─── Excerpted records ───

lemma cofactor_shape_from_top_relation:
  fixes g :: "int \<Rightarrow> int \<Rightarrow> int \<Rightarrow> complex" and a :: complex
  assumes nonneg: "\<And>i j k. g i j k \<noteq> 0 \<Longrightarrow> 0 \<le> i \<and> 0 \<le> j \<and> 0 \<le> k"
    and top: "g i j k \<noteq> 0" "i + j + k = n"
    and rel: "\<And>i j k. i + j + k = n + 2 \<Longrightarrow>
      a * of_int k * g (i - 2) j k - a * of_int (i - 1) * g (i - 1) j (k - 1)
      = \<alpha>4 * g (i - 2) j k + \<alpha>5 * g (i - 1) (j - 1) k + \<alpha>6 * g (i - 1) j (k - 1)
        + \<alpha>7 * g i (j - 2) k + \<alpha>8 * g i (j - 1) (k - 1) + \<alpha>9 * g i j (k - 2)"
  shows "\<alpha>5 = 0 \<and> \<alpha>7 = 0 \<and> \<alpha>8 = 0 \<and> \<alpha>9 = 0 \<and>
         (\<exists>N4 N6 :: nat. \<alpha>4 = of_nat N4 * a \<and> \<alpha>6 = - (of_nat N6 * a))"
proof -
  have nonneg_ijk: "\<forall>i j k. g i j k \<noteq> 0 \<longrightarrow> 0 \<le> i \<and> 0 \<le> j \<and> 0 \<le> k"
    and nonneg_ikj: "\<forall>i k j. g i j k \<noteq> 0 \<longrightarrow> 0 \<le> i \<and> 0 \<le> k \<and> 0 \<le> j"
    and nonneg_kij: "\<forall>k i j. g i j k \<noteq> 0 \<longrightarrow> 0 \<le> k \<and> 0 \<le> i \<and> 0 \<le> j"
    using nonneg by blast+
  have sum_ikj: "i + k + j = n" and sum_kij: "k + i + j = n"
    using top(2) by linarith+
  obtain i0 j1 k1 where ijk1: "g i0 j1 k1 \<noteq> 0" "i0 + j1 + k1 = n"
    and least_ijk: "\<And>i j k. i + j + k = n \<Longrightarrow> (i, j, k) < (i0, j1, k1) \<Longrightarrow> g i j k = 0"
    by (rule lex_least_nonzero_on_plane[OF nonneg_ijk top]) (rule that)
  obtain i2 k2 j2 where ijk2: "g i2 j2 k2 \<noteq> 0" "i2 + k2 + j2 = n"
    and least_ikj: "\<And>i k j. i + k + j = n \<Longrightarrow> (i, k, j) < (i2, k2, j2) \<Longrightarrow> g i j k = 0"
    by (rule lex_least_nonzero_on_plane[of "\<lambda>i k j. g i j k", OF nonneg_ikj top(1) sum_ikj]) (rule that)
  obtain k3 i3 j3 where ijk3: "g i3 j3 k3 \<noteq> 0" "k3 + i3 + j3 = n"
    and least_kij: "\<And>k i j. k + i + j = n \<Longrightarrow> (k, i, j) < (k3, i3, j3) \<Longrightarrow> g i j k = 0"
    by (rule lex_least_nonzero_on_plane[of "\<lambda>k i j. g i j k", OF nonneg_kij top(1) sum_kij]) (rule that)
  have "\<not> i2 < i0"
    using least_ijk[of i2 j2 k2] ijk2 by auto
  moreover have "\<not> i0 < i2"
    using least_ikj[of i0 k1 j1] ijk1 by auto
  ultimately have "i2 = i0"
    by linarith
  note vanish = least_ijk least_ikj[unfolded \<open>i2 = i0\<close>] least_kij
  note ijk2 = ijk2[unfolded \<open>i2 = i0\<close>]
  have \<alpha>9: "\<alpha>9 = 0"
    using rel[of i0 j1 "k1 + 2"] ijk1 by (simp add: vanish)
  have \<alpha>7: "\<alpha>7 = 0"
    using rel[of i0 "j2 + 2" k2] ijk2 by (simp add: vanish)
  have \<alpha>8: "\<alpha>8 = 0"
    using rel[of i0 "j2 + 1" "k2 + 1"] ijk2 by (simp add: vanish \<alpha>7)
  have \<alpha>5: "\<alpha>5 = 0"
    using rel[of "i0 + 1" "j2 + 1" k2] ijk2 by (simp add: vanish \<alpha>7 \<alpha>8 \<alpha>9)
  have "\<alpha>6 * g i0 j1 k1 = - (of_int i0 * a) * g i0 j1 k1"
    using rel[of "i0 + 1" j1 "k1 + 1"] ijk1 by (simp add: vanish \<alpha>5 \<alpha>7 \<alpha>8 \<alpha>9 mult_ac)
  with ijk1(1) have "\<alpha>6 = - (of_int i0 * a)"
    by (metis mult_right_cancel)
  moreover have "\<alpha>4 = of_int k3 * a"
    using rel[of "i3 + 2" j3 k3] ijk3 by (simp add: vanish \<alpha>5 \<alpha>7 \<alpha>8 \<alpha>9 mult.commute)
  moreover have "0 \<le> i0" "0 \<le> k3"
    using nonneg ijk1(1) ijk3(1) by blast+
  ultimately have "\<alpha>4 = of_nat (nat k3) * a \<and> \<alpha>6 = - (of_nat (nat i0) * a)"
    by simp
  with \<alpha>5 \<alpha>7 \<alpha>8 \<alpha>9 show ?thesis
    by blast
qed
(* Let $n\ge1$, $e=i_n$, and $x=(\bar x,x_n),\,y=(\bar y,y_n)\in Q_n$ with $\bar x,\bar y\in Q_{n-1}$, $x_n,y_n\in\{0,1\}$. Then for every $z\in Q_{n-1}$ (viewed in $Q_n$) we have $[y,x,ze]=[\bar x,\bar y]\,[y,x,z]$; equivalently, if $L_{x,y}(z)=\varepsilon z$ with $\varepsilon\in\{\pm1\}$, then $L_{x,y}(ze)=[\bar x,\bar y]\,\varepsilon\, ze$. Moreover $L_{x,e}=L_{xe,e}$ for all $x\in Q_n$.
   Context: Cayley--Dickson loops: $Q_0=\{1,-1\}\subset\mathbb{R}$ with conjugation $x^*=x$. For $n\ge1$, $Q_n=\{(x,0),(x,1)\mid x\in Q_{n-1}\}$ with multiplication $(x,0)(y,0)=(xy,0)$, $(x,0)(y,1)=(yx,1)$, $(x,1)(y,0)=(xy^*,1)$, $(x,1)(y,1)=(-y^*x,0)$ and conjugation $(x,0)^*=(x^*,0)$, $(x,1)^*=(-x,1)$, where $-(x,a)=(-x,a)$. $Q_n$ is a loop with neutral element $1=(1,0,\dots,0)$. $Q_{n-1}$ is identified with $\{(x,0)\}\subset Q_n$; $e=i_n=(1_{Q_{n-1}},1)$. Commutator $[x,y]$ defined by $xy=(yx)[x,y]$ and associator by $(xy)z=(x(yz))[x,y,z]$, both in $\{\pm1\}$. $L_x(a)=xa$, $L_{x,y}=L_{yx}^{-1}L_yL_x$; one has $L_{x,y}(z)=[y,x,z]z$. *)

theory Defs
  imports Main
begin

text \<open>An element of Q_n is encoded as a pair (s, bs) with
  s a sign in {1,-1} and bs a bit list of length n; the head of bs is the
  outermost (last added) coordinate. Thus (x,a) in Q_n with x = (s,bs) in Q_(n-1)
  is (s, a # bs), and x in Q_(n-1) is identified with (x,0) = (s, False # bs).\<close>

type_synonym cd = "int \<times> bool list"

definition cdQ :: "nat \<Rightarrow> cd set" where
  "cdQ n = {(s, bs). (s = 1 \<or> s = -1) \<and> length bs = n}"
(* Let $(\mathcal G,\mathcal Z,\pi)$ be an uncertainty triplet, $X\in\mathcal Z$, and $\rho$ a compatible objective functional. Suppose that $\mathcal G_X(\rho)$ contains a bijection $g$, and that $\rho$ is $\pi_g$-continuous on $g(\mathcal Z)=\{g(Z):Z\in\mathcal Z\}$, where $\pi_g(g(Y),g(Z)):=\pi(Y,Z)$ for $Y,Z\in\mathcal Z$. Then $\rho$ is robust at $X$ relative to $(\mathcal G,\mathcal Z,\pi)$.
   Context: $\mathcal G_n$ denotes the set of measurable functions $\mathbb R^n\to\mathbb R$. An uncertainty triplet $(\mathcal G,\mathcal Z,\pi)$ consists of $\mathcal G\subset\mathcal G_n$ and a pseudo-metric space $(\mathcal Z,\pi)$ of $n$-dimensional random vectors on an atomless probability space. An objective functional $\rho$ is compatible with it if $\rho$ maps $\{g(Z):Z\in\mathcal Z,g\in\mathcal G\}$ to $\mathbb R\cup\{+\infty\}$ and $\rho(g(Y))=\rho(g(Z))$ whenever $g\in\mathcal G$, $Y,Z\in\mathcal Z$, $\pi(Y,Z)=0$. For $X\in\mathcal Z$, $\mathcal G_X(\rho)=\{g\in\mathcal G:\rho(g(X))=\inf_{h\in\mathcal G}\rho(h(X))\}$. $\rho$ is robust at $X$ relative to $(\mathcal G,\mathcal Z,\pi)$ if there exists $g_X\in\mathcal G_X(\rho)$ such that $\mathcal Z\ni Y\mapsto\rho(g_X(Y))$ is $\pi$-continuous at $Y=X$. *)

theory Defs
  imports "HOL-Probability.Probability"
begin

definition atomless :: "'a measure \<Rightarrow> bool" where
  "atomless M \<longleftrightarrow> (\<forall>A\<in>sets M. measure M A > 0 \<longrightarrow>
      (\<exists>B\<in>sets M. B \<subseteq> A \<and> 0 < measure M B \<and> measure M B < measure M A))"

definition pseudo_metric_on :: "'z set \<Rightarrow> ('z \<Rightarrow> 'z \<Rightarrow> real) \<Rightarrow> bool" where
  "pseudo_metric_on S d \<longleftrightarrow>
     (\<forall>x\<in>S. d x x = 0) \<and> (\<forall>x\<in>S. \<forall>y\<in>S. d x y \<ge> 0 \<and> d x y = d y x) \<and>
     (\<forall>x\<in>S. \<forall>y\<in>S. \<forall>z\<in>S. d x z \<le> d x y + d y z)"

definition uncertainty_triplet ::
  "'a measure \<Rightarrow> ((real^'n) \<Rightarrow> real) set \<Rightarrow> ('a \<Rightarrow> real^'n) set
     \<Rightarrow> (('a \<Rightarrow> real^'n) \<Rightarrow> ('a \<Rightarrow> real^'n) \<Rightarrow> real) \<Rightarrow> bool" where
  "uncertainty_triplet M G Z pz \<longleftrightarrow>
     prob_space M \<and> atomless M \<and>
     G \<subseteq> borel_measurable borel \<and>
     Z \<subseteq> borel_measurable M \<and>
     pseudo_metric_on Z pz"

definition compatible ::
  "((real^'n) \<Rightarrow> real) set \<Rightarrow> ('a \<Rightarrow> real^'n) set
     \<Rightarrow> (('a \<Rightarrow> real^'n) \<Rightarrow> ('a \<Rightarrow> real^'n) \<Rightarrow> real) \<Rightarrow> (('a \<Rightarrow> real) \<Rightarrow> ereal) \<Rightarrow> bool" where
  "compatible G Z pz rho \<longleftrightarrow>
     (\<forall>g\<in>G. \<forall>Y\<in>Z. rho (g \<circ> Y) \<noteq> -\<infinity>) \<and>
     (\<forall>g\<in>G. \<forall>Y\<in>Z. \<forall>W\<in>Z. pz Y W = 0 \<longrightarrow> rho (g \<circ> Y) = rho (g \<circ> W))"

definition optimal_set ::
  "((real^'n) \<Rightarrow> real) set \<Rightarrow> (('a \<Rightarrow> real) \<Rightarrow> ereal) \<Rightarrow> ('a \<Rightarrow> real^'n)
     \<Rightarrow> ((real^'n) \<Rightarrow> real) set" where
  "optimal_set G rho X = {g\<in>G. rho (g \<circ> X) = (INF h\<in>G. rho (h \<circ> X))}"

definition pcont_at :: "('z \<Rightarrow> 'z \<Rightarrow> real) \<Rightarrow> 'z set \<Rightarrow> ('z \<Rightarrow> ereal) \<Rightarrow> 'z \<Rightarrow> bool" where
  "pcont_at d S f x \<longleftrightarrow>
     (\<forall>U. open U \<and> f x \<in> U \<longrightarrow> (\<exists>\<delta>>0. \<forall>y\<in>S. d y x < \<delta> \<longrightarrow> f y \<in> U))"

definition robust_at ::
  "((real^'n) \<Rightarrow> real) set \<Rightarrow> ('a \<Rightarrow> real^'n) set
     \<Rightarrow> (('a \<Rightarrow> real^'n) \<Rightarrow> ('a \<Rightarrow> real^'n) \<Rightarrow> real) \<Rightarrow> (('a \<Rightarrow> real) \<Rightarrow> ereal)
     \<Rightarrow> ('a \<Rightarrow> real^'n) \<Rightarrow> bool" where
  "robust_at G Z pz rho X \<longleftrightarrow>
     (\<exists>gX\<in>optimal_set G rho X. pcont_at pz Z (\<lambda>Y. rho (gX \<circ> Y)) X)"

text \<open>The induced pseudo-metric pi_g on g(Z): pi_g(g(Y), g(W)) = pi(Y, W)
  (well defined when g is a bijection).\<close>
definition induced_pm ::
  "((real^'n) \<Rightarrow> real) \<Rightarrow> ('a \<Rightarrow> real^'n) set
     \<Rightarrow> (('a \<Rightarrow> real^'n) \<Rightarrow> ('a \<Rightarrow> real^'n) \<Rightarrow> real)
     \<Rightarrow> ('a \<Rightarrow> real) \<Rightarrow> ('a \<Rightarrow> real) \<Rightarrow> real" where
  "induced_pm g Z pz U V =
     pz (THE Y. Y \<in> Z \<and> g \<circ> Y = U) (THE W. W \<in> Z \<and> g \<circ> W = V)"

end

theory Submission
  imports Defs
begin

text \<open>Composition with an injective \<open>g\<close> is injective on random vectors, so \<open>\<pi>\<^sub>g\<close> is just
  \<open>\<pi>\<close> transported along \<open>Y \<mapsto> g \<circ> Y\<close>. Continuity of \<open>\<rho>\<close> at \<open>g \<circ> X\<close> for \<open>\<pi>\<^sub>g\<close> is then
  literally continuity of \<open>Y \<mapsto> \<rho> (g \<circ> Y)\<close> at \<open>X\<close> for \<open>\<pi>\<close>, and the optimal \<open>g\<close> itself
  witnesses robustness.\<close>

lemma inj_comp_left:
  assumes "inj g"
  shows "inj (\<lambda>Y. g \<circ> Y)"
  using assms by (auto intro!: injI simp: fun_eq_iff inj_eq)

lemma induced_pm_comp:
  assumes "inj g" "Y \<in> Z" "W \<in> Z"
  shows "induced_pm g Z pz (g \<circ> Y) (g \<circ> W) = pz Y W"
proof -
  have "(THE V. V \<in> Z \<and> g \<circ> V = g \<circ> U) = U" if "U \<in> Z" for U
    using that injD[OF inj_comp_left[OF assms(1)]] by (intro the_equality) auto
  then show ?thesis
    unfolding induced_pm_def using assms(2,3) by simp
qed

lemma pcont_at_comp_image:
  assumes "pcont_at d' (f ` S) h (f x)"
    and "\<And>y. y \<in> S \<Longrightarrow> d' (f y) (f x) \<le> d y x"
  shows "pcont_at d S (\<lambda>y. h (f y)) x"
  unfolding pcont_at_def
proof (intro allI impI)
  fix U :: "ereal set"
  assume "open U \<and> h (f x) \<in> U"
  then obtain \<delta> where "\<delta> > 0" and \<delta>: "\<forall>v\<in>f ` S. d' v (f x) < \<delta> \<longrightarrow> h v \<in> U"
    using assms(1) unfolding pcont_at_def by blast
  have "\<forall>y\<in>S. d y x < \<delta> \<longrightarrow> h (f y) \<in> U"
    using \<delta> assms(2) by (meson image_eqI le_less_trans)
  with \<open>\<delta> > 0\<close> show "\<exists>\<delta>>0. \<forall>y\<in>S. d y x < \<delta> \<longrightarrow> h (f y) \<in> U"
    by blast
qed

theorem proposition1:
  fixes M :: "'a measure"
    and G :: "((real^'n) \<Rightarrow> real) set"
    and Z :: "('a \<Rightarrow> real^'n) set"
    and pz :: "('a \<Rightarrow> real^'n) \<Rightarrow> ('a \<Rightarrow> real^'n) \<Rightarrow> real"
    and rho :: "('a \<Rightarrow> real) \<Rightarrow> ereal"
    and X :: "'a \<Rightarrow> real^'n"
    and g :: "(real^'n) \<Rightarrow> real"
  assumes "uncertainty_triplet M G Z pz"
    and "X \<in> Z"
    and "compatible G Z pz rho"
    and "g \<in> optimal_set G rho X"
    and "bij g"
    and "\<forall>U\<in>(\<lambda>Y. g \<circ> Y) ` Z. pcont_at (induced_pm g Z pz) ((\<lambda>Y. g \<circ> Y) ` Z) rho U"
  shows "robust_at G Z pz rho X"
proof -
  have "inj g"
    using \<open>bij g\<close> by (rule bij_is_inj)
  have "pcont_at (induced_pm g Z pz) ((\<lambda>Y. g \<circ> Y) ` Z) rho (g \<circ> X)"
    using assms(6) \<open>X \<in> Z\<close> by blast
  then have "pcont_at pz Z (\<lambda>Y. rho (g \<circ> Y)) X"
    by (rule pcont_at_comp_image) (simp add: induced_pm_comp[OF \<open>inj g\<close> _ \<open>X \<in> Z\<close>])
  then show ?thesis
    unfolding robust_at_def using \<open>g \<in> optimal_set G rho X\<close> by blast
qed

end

───

**Exercise brief**.
Start at the first line of the entries and stop at the line with "sum_ikj]) (rule that)". Retype each of those lines exactly, both ends included.

**Answer box**.
lemma cofactor_shape_from_top_relation:
  fixes g :: "int \<Rightarrow> int \<Rightarrow> int \<Rightarrow> complex" and a :: complex
  assumes nonneg: "\<And>i j k. g i j k \<noteq> 0 \<Longrightarrow> 0 \<le> i \<and> 0 \<le> j \<and> 0 \<le> k"
    and top: "g i j k \<noteq> 0" "i + j + k = n"
    and rel: "\<And>i j k. i + j + k = n + 2 \<Longrightarrow>
      a * of_int k * g (i - 2) j k - a * of_int (i - 1) * g (i - 1) j (k - 1)
      = \<alpha>4 * g (i - 2) j k + \<alpha>5 * g (i - 1) (j - 1) k + \<alpha>6 * g (i - 1) j (k - 1)
        + \<alpha>7 * g i (j - 2) k + \<alpha>8 * g i (j - 1) (k - 1) + \<alpha>9 * g i j (k - 2)"
  shows "\<alpha>5 = 0 \<and> \<alpha>7 = 0 \<and> \<alpha>8 = 0 \<and> \<alpha>9 = 0 \<and>
         (\<exists>N4 N6 :: nat. \<alpha>4 = of_nat N4 * a \<and> \<alpha>6 = - (of_nat N6 * a))"
proof -
  have nonneg_ijk: "\<forall>i j k. g i j k \<noteq> 0 \<longrightarrow> 0 \<le> i \<and> 0 \<le> j \<and> 0 \<le> k"
    and nonneg_ikj: "\<forall>i k j. g i j k \<noteq> 0 \<longrightarrow> 0 \<le> i \<and> 0 \<le> k \<and> 0 \<le> j"
    and nonneg_kij: "\<forall>k i j. g i j k \<noteq> 0 \<longrightarrow> 0 \<le> k \<and> 0 \<le> i \<and> 0 \<le> j"
    using nonneg by blast+
  have sum_ikj: "i + k + j = n" and sum_kij: "k + i + j = n"
    using top(2) by linarith+
  obtain i0 j1 k1 where ijk1: "g i0 j1 k1 \<noteq> 0" "i0 + j1 + k1 = n"
    and least_ijk: "\<And>i j k. i + j + k = n \<Longrightarrow> (i, j, k) < (i0, j1, k1) \<Longrightarrow> g i j k = 0"
    by (rule lex_least_nonzero_on_plane[OF nonneg_ijk top]) (rule that)
  obtain i2 k2 j2 where ijk2: "g i2 j2 k2 \<noteq> 0" "i2 + k2 + j2 = n"
    and least_ikj: "\<And>i k j. i + k + j = n \<Longrightarrow> (i, k, j) < (i2, k2, j2) \<Longrightarrow> g i j k = 0"
    by (rule lex_least_nonzero_on_plane[of "\<lambda>i k j. g i j k", OF nonneg_ikj top(1) sum_ikj]) (rule that)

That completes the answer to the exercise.